=== What the task requires ===
Below are the records; copy each line in which "beta" occurs.

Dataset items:
▬▬▬▬▬▬
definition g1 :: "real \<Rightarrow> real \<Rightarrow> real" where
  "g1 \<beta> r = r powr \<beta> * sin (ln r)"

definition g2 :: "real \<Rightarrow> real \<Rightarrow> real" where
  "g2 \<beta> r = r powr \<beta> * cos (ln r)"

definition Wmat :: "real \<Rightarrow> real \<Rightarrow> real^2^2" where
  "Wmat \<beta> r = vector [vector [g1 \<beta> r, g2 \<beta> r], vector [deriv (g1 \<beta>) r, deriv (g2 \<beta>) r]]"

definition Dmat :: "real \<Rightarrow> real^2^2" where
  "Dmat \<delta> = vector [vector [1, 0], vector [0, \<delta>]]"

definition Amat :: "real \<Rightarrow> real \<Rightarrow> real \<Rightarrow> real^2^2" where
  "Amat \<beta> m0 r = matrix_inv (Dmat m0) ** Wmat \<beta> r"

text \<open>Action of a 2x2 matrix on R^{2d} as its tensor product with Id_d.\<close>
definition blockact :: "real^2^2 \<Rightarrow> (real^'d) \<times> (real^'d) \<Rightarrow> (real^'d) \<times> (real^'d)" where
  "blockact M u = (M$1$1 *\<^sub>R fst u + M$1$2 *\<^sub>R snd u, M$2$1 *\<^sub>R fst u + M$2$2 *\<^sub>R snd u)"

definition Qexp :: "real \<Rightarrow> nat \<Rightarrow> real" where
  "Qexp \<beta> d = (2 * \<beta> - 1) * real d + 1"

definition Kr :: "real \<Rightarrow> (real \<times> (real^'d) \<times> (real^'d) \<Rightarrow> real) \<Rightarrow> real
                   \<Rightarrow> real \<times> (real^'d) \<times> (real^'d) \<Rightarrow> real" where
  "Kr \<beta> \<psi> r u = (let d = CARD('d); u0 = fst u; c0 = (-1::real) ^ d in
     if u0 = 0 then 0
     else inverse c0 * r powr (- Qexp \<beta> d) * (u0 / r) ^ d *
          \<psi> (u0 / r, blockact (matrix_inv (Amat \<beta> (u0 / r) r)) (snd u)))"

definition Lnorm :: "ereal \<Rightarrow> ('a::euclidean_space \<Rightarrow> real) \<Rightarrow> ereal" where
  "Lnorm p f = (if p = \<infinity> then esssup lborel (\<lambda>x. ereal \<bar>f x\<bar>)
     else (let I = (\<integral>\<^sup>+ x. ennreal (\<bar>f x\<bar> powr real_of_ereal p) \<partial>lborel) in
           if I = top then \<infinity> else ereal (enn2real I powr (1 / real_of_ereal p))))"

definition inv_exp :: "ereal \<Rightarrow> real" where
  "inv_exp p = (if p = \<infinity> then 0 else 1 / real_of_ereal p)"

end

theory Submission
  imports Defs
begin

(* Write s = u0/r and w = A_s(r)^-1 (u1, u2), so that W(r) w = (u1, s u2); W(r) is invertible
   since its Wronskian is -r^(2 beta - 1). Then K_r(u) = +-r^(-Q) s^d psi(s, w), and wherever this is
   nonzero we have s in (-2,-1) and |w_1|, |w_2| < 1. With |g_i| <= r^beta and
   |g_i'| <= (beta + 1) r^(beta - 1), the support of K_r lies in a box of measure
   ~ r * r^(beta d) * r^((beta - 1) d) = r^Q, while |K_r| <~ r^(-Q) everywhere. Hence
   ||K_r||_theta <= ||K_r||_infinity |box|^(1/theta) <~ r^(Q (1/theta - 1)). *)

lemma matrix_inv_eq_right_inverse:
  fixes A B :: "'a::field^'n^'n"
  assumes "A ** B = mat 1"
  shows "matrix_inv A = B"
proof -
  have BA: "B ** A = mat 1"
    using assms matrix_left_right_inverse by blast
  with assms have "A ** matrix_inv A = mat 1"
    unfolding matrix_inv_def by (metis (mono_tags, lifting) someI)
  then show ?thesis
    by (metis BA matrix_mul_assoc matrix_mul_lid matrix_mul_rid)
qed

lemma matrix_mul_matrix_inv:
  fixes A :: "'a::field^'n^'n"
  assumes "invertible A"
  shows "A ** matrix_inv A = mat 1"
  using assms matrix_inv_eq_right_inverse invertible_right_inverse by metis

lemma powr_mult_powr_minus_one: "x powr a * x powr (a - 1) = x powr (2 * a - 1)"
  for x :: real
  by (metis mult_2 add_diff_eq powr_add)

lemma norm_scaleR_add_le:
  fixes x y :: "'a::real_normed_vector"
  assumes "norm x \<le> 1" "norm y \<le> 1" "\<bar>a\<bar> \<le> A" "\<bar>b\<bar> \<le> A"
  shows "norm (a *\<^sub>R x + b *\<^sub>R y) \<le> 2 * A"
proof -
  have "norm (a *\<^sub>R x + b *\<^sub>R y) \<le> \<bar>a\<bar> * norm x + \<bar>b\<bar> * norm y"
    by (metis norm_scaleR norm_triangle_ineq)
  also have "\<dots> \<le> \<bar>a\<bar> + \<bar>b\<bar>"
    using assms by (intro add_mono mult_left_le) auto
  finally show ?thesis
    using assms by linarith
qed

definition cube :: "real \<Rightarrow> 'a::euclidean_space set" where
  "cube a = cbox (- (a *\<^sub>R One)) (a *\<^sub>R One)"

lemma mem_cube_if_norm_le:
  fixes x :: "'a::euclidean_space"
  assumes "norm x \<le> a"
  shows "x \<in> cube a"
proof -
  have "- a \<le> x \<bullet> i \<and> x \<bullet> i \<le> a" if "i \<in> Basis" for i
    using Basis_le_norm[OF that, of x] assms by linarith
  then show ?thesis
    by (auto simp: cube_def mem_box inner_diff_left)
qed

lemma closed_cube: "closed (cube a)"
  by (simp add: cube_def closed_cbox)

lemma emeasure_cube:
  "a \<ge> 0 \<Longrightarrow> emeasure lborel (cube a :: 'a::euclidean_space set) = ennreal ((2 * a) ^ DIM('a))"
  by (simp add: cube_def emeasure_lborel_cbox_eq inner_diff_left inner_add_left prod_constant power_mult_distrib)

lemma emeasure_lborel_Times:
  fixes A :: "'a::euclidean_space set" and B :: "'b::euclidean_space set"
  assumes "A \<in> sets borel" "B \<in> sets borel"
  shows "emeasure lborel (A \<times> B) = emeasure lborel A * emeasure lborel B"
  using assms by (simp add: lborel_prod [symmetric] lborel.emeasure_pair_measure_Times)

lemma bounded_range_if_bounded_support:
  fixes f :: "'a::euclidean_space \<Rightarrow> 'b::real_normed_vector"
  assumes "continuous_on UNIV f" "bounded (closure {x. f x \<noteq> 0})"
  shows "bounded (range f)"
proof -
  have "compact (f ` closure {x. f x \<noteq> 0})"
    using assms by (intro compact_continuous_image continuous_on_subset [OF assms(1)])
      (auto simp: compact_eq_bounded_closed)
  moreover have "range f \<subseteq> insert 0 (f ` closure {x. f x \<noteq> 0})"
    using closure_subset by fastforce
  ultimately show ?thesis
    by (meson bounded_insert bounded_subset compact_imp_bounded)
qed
▬▬▬▬▬▬
=== Solution below ===
  "g1 \<beta> r = r powr \<beta> * sin (ln r)"
  "g2 \<beta> r = r powr \<beta> * cos (ln r)"
  "Wmat \<beta> r = vector [vector [g1 \<beta> r, g2 \<beta> r], vector [deriv (g1 \<beta>) r, deriv (g2 \<beta>) r]]"
  "Amat \<beta> m0 r = matrix_inv (Dmat m0) ** Wmat \<beta> r"
  "Qexp \<beta> d = (2 * \<beta> - 1) * real d + 1"
  "Kr \<beta> \<psi> r u = (let d = CARD('d); u0 = fst u; c0 = (-1::real) ^ d in
     else inverse c0 * r powr (- Qexp \<beta> d) * (u0 / r) ^ d *
          \<psi> (u0 / r, blockact (matrix_inv (Amat \<beta> (u0 / r) r)) (snd u)))"
   since its Wronskian is -r^(2 beta - 1). Then K_r(u) = +-r^(-Q) s^d psi(s, w), and wherever this is
   nonzero we have s in (-2,-1) and |w_1|, |w_2| < 1. With |g_i| <= r^beta and
   |g_i'| <= (beta + 1) r^(beta - 1), the support of K_r lies in a box of measure
   ~ r * r^(beta d) * r^((beta - 1) d) = r^Q, while |K_r| <~ r^(-Q) everywhere. Hence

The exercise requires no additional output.